Therapeutic options in metastatic uveal melanoma

Purpose Despite the advances in the treatment of uveal melanoma (UM), randomized studies have demonstrated that the metastatic risk was similar after enucleation or conservative treatment. Survival has not improved and enucleation remains the treatment of choice for large tumors. Methods Up to 50% of patients develop metastases, to the liver in 90% of cases,usually leading to death. Metastases are rarely detected at the time of diagnosis, and in contrast with cutaneous melanoma, occur via hematogenous spread. There is no standard adjuvant treatment to prevent metastases. Today, genome‐wide techniques of genomic and expression profiling make it possible to improve the characterization of high‐risk UM. Recently, mutations in the GNAQ/11 genes have been described as oncogenic drivers in UM and consequently potential therapeutic targets.
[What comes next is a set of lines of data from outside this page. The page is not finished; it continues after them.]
(* Let $(F,\|\cdot\|)$ be a normed space, $(a_{ij})_{i,j\le n}$ a symmetric matrix with entries in $F$, $g_1,\dots,g_n$ i.i.d. $\mathcal N(0,1)$ random variables, and $p\ge1$. Let $W= \|\sum_{i\neq j}a_{ij}g_ig_j\|_p+\|\sum_{i}a_{ii}(g_i^2-1)\|_p$. Then \[ \frac{1}{3}W \leq \Big\|\sum_{i,j}a_{ij}(g_ig_j-\delta_{ij})\Big\|_p \leq W. \]
   Context: For an $F$-valued random variable $Z$, $\|Z\|_p=(\mathbb{E}\|Z\|^p)^{1/p}$. $\delta_{ij}$ is the Kronecker delta; sums run over $\{1,\dots,n\}$. *)

theory Defs
  imports "HOL-Probability.Probability"
begin

definition Lp_norm :: "'b measure \<Rightarrow> real \<Rightarrow> ('b \<Rightarrow> 'a::real_normed_vector) \<Rightarrow> real" where
  "Lp_norm M p Z = (\<integral>x. norm (Z x) powr p \<partial>M) powr (1 / p)"

end

theory Submission
  imports Defs
begin

text \<open>
  Split the Wick-ordered chaos \<open>S = \<Sum>\<^sub>i\<^sub>j a\<^sub>i\<^sub>j (g\<^sub>i g\<^sub>j - \<delta>\<^sub>i\<^sub>j)\<close> into its off-diagonal
  part \<open>O\<close> and its diagonal part \<open>D\<close>. The upper bound \<open>\<parallel>S\<parallel>\<^sub>p \<le> \<parallel>O\<parallel>\<^sub>p + \<parallel>D\<parallel>\<^sub>p\<close> is
  Minkowski's inequality. For the lower bound, flip signs: averaging \<open>S(\<epsilon>g)\<close> over all \<open>2\<^sup>n\<close>
  sign vectors \<open>\<epsilon>\<close> cancels every off-diagonal term and leaves \<open>D(g)\<close>, while \<open>\<epsilon>g\<close> has
  the same law as \<open>g\<close>; by convexity of \<open>t \<mapsto> t\<^sup>p\<close> this gives \<open>\<parallel>D\<parallel>\<^sub>p \<le> \<parallel>S\<parallel>\<^sub>p\<close>.
  Then \<open>\<parallel>O\<parallel>\<^sub>p \<le> \<parallel>S\<parallel>\<^sub>p + \<parallel>D\<parallel>\<^sub>p \<le> 2\<parallel>S\<parallel>\<^sub>p\<close>, so \<open>W \<le> 3\<parallel>S\<parallel>\<^sub>p\<close>.
\<close>

section \<open>Inequalities for real powers\<close>

lemma convex_on_powr_nonneg:
  assumes "p \<ge> 1"
  shows "convex_on {0..} (\<lambda>x::real. x powr p)"
proof (rule convex_onI)
  have scaled_le: "(s * z) powr p \<le> s * z powr p" if "0 \<le> s" "s \<le> 1" "0 \<le> z" for s z :: real
  proof -
    have "s powr p \<le> s powr 1"
      using that assms by (intro powr_mono') auto
    then show ?thesis
      using that by (simp add: powr_mult mult_right_mono)
  qed
  fix t x y :: real
  assume t: "0 < t" "t < 1" and xy: "x \<in> {0..}" "y \<in> {0..}"
  show "((1 - t) *\<^sub>R x + t *\<^sub>R y) powr p \<le> (1 - t) * x powr p + t * y powr p"
  proof (cases "x = 0 \<or> y = 0")
    case True
    then show ?thesis
      using t xy scaled_le[of t y] scaled_le[of "1 - t" x] by auto
  next
    case False
    with xy have "x \<in> {0<..}" "y \<in> {0<..}" by auto
    then show ?thesis
      using convex_onD[OF powr_convex[OF assms]] t by simp
  qed
qed auto

lemma powr_average_le:
  fixes z :: "'i \<Rightarrow> real"
  assumes "finite K" "K \<noteq> {}" "p \<ge> 1" "\<And>k. k \<in> K \<Longrightarrow> z k \<ge> 0"
  shows "((\<Sum>k\<in>K. z k) / card K) powr p \<le> (\<Sum>k\<in>K. z k powr p) / card K"
  using convex_on_sum[OF assms(1,2) convex_on_powr_nonneg[OF assms(3)], of "\<lambda>_. 1 / card K" z]
    assms by (simp add: sum_divide_distrib card_gt_0_iff)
Since the identification of genomic abnormalities correlated with the metastatic risk, techniques of fine needle aspiration biopsies have been developed and systematic genetic analysis of UM became recommended for the next years, in the prospect of future adjuvant trials based on potential biological targets to be tested in preclinical animal models. Results Relevant clinical data and dedicated studies in metastatic UM patients are lacking. Only 25 prospective clinical trials were published in the last 30 years,none of them reported a randomized phase III trial. In a retrospective series of 470 metastatic patients managed at Institut Curie (2000‐2008), the median overall survival was 13 months, with a significant difference according to the first treatment in the metastatic setting: 28, 12 and 4 months for liver surgery, any systemic treatment, best supportive care respectively Conclusion We will review current options and future developments for UM treatment.